■ TASK STATEMENT
Check every line below for the string "cases". Copy the ones that have it.

(DATA TO EXAMINE)

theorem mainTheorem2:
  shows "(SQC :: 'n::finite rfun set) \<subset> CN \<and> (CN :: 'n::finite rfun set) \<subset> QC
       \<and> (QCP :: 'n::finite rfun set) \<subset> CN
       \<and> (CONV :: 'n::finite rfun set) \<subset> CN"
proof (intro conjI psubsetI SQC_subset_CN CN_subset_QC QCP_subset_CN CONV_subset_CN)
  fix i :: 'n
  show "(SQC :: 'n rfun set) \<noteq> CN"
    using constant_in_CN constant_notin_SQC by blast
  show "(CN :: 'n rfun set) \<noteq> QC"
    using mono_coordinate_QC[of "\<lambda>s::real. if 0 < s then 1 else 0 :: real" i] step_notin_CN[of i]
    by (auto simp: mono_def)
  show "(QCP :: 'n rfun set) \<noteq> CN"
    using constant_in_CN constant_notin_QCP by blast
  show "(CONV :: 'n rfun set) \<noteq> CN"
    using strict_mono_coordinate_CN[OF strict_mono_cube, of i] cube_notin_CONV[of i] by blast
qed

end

(End DATA TO EXAMINE)
(DATA TO EXAMINE)

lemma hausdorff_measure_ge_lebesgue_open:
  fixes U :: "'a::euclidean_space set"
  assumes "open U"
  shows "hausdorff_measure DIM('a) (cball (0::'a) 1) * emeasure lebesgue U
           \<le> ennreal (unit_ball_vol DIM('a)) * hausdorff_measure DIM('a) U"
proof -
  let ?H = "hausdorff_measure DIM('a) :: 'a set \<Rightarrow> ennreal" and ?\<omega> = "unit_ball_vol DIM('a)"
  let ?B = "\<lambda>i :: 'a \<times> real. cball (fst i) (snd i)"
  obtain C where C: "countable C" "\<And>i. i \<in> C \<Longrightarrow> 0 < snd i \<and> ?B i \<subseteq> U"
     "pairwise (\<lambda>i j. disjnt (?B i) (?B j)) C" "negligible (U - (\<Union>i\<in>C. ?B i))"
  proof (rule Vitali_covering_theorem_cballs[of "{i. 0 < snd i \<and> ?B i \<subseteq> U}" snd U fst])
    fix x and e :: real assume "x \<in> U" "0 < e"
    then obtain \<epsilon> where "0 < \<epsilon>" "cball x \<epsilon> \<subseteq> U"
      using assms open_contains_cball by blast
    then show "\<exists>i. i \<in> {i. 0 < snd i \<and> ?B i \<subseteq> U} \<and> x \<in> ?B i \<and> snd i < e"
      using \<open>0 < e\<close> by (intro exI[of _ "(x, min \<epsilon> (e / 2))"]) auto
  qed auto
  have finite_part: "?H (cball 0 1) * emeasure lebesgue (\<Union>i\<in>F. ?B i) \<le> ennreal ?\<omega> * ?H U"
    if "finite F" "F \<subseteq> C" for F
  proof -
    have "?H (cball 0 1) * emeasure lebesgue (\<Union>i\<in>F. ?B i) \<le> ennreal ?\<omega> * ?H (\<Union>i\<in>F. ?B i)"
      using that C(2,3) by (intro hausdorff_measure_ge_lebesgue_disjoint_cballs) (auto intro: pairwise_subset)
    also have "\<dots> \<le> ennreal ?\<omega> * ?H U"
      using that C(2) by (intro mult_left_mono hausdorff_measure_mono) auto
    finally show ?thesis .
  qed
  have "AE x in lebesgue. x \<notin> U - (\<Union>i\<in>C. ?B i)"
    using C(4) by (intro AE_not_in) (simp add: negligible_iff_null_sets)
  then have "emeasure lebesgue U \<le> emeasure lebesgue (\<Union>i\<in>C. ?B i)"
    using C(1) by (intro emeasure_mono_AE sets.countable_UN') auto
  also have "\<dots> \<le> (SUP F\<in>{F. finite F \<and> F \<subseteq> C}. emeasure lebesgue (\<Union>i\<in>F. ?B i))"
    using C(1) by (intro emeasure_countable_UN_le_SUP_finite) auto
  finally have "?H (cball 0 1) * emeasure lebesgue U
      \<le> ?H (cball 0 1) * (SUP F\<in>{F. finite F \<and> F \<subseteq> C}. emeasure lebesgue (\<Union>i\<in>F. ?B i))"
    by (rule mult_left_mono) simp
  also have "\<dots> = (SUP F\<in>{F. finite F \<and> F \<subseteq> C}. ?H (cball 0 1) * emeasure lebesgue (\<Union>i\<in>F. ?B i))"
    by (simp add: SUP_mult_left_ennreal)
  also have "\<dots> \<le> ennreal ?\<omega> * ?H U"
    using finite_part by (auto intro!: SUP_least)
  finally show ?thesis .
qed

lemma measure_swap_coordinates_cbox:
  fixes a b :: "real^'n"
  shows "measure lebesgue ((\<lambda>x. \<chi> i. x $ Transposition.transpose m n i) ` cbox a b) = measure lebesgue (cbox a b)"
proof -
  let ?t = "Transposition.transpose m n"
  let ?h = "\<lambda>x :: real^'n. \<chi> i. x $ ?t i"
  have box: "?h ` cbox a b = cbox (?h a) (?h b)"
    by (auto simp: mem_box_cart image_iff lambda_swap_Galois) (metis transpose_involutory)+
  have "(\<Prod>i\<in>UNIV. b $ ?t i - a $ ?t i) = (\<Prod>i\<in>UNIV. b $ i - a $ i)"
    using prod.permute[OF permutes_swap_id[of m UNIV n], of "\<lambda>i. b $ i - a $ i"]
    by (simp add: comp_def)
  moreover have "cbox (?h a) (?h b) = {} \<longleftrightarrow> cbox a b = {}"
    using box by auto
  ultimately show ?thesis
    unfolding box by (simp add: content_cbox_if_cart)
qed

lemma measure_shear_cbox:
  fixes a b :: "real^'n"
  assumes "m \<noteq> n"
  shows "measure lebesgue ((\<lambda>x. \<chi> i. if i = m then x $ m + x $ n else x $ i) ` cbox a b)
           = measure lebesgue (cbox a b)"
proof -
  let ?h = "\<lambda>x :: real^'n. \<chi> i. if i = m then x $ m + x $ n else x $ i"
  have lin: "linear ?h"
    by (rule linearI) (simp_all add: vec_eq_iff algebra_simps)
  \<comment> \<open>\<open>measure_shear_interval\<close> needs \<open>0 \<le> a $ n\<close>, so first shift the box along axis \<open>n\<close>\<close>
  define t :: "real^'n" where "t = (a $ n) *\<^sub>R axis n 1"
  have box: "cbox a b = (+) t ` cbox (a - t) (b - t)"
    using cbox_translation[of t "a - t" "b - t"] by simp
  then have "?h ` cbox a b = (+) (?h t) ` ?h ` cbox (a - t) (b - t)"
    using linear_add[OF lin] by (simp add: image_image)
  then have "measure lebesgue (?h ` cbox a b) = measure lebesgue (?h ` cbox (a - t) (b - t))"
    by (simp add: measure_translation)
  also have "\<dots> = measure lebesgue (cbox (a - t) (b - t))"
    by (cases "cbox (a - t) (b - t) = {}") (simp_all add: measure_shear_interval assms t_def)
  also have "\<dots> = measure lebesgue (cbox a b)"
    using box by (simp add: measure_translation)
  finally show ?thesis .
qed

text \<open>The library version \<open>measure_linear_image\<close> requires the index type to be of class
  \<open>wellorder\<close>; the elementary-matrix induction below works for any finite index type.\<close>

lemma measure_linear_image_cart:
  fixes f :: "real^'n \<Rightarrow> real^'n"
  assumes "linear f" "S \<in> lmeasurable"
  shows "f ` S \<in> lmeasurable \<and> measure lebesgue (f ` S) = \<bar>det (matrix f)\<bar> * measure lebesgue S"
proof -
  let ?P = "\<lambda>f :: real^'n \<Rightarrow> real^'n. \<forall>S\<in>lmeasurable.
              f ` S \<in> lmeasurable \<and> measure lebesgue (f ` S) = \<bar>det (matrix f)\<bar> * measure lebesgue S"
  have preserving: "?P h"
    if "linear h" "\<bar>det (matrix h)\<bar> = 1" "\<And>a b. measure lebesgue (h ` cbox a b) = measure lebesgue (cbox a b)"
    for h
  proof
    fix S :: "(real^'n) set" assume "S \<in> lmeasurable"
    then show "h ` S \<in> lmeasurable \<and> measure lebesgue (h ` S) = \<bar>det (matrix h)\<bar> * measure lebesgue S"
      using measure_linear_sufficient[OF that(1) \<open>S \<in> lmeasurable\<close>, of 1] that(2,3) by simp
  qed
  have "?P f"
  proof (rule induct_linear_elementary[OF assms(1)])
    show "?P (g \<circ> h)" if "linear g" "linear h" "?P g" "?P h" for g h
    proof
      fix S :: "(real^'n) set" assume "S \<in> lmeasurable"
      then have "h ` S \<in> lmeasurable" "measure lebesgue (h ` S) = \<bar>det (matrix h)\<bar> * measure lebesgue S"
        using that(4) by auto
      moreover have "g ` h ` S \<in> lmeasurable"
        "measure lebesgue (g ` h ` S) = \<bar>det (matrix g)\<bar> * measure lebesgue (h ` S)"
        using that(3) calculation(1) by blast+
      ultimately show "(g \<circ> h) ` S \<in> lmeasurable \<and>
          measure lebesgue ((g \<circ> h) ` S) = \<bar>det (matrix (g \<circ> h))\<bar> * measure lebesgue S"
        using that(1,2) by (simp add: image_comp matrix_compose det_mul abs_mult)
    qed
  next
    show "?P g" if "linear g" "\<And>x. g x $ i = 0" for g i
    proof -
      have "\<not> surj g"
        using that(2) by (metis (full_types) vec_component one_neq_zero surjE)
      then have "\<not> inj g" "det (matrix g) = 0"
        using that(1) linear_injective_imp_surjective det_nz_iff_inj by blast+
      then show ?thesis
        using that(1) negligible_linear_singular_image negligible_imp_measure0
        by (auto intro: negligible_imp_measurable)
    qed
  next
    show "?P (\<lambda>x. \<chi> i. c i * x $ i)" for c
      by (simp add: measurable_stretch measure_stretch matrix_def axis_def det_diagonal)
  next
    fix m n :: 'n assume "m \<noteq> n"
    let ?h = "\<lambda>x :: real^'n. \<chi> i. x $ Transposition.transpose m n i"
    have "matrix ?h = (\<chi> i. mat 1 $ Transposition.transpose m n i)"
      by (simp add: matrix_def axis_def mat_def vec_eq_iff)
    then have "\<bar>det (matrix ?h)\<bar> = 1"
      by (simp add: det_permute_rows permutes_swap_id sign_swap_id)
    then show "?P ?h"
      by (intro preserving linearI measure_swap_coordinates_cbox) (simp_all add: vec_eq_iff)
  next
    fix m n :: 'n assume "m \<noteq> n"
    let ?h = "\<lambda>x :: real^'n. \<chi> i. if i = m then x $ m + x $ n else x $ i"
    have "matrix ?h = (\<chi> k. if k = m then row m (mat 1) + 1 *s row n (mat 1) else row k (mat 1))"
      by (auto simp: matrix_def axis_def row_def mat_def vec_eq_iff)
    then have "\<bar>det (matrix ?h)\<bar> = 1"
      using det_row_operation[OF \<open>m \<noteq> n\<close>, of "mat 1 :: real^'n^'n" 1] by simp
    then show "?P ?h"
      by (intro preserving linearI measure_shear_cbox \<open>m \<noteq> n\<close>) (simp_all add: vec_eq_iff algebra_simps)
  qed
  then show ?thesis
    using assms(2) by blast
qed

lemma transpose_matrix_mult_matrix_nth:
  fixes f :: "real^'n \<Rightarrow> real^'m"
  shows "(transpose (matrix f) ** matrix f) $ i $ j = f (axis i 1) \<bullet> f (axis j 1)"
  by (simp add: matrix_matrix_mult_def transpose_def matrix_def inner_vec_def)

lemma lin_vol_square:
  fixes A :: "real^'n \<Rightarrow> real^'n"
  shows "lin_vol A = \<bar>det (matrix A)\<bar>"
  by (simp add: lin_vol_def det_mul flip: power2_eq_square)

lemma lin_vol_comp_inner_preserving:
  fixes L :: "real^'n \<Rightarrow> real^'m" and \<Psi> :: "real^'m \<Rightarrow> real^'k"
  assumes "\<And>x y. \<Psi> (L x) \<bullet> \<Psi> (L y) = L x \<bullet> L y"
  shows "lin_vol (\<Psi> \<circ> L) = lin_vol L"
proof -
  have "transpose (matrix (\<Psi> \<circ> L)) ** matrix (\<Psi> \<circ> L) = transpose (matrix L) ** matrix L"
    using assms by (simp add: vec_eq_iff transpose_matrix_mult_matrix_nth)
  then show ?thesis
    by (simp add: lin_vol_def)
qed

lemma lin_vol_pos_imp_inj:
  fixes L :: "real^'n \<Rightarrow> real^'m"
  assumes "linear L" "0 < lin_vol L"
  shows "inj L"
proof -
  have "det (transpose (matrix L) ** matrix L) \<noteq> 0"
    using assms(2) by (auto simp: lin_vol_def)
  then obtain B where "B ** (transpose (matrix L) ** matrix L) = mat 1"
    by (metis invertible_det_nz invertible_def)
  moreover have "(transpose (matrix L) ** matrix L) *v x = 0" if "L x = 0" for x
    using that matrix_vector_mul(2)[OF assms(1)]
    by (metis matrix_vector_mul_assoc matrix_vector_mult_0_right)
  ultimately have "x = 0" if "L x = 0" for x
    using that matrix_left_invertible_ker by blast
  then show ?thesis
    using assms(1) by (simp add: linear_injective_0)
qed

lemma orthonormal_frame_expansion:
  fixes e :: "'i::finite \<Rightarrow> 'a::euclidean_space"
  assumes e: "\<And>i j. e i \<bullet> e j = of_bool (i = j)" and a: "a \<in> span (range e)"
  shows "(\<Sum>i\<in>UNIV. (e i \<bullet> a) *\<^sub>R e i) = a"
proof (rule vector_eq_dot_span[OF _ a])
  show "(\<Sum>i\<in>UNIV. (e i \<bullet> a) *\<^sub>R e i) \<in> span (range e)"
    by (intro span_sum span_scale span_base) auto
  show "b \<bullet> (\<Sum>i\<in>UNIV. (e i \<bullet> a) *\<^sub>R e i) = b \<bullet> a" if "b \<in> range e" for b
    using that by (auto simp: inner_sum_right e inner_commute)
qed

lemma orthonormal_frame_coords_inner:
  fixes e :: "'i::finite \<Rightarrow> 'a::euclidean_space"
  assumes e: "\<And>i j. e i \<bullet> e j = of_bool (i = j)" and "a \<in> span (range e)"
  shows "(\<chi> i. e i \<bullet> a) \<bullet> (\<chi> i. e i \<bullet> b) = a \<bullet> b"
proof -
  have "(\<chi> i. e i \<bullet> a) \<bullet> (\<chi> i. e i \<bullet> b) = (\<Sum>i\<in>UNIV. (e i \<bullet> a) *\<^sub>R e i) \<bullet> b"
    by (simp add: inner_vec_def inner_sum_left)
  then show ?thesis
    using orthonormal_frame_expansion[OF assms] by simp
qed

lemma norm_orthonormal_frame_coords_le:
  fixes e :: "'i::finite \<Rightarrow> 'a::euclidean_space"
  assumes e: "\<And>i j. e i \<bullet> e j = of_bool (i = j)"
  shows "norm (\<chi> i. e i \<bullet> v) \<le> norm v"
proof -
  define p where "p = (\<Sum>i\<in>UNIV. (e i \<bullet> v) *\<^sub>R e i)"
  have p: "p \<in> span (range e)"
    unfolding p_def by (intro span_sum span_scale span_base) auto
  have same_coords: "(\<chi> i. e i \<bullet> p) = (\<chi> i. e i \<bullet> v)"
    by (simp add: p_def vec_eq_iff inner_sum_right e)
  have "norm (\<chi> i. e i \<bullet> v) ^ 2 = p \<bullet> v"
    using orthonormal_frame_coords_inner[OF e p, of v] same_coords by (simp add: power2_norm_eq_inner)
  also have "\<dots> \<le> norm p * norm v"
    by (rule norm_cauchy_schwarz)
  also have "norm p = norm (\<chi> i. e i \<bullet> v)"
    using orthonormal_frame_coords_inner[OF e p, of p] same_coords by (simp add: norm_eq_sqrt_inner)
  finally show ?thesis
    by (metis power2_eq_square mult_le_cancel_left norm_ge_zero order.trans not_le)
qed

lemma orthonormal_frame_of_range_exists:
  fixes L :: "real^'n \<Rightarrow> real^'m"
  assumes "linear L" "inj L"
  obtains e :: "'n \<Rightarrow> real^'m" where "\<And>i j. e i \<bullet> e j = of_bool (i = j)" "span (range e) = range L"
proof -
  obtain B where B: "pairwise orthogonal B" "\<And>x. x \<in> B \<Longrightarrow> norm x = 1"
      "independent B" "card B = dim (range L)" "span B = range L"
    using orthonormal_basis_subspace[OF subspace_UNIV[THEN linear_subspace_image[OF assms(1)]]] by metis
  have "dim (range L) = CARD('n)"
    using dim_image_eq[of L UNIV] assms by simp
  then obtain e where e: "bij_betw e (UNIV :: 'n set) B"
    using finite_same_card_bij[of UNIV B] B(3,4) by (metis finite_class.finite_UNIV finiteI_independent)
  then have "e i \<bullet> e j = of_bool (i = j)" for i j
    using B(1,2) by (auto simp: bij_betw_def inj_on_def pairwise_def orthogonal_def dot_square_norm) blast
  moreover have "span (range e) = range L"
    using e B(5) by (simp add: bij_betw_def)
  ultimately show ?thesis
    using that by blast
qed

(End DATA TO EXAMINE)
(DATA TO EXAMINE)

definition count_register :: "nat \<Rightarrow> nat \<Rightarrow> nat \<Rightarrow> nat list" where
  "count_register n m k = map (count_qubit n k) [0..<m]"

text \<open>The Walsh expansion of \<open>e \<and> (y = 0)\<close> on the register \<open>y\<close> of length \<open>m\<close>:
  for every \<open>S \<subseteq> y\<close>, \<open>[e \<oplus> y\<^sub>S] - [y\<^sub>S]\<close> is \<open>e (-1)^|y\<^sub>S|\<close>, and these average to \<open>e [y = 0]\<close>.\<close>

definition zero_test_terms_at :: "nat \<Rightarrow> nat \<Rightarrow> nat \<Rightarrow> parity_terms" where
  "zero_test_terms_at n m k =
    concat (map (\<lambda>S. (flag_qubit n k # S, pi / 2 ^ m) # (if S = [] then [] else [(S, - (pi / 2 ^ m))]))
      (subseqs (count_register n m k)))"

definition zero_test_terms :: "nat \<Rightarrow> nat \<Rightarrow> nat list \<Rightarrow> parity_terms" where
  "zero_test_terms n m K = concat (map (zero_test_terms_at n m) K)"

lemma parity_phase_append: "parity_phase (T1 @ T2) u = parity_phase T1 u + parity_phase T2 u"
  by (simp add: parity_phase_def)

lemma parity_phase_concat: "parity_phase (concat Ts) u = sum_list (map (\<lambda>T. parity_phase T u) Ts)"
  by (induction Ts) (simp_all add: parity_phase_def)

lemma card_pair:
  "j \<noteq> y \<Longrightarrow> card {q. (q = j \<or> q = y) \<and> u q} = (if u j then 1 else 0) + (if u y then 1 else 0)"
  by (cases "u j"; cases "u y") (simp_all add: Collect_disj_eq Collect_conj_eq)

(End DATA TO EXAMINE)

■ EXERCISE SOLUTION
    by (cases "cbox (a - t) (b - t) = {}") (simp_all add: measure_shear_interval assms t_def)
  by (cases "u j"; cases "u y") (simp_all add: Collect_disj_eq Collect_conj_eq)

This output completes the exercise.